(Saved data entries)
╔══
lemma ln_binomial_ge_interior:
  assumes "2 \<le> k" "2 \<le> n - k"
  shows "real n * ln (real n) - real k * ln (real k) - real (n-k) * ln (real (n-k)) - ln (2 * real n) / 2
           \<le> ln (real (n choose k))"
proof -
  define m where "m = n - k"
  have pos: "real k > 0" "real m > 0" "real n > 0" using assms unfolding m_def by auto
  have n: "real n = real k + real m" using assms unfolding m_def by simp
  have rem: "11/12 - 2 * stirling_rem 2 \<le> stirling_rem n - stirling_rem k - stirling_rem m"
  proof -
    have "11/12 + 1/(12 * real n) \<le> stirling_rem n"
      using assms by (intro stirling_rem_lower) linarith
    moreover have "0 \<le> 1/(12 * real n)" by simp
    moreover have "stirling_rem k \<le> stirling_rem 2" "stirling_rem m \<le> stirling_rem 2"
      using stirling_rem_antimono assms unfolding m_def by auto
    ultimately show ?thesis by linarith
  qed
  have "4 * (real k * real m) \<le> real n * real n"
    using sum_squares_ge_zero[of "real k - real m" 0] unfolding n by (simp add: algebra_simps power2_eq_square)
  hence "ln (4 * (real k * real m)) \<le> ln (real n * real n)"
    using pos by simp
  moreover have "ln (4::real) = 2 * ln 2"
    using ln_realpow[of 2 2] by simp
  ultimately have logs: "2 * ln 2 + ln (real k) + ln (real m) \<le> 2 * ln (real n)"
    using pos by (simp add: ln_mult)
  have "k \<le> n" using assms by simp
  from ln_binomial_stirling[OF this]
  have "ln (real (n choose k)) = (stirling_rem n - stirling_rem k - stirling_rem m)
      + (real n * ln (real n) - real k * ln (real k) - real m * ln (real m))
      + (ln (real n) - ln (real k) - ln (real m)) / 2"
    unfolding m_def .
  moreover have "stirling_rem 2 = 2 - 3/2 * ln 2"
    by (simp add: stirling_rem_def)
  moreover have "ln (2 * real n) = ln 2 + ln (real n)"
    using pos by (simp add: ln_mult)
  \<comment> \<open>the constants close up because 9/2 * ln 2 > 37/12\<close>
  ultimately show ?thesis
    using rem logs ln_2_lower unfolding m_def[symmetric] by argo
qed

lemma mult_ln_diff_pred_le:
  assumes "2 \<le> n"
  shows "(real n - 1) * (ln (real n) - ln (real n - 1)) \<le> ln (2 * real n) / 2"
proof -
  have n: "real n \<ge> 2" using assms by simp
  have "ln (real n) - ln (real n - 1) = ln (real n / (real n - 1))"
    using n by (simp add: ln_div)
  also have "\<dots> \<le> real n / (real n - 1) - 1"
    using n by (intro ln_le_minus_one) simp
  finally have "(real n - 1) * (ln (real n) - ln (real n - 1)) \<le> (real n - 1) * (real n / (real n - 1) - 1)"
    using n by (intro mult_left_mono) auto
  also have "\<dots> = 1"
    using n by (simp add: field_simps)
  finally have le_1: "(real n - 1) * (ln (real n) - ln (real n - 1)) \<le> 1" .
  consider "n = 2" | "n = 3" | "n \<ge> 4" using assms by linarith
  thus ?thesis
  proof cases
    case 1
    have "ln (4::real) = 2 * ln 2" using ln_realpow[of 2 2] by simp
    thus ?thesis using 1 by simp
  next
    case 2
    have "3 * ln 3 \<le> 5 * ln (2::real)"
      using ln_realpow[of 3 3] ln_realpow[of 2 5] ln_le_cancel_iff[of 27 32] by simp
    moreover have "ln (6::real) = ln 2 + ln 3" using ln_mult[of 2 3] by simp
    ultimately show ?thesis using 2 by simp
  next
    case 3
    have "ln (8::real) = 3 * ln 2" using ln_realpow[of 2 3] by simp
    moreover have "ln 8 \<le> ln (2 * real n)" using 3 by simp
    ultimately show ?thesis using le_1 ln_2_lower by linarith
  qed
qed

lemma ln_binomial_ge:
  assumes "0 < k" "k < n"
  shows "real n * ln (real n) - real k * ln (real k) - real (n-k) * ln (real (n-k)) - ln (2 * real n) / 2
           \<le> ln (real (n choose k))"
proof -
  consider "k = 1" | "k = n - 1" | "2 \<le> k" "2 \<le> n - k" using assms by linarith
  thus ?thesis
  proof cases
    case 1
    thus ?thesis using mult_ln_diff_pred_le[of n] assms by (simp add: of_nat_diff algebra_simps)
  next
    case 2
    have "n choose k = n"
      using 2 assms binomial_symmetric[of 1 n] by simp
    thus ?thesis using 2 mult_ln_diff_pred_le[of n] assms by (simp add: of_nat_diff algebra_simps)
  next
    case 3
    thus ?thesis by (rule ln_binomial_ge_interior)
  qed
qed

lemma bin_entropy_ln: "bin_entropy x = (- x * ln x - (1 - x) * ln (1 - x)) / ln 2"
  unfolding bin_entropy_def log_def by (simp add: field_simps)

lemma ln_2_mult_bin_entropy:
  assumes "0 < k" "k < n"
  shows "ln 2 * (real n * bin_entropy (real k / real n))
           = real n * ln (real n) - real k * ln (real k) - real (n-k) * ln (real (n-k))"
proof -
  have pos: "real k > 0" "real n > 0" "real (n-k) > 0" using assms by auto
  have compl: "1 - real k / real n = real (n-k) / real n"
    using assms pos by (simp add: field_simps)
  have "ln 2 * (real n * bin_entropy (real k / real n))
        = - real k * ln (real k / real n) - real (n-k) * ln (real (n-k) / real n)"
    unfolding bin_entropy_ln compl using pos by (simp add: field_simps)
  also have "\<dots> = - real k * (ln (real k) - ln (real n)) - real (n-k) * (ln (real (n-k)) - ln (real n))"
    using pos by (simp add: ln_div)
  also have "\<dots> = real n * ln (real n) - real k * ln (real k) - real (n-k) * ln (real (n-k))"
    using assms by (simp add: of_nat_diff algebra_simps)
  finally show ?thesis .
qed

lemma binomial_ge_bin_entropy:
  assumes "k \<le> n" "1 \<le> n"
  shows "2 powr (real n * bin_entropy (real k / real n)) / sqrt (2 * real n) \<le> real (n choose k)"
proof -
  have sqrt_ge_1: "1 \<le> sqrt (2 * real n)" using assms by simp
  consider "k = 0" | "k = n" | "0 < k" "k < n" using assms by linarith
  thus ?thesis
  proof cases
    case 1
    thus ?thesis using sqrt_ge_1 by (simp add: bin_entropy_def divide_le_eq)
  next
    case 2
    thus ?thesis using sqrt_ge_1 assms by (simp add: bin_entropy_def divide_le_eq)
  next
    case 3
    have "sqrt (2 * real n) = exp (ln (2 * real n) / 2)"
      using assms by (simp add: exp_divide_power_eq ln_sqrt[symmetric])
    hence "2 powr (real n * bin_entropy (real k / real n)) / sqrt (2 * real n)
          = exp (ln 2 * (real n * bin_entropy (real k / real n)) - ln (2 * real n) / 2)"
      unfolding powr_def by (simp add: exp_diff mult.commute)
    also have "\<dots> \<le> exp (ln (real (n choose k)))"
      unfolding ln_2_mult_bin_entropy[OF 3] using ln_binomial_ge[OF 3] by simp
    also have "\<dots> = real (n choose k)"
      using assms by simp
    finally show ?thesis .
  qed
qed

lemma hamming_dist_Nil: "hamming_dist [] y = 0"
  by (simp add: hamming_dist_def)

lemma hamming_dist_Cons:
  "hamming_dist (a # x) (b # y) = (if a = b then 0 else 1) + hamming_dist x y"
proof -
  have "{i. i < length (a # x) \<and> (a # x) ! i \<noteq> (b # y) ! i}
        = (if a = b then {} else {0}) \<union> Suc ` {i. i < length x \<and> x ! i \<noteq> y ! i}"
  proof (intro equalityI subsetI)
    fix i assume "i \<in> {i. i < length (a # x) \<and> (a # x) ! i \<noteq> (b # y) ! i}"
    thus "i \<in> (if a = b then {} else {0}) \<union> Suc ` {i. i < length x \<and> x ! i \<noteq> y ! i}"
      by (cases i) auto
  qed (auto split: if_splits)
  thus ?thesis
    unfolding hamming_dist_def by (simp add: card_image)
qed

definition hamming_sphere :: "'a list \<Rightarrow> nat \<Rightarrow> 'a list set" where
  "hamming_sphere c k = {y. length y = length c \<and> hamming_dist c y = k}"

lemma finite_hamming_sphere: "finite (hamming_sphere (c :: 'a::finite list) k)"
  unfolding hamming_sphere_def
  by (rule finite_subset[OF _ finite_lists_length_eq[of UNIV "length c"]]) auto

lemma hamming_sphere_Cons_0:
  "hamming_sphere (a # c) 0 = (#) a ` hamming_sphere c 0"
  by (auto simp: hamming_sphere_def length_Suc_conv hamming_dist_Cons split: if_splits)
╚══
__DESCRIPTION OF THE TASK__.
Begin at the line above that has "m) \<le> real" and stop after the line that has "from ln_binomial_stirling[OF this]", copying each line exactly and adding nothing else.

__EXERCISE ANSWER__.
  have "4 * (real k * real m) \<le> real n * real n"
    using sum_squares_ge_zero[of "real k - real m" 0] unfolding n by (simp add: algebra_simps power2_eq_square)
  hence "ln (4 * (real k * real m)) \<le> ln (real n * real n)"
    using pos by simp
  moreover have "ln (4::real) = 2 * ln 2"
    using ln_realpow[of 2 2] by simp
  ultimately have logs: "2 * ln 2 + ln (real k) + ln (real m) \<le> 2 * ln (real n)"
    using pos by (simp add: ln_mult)
  have "k \<le> n" using assms by simp
  from ln_binomial_stirling[OF this]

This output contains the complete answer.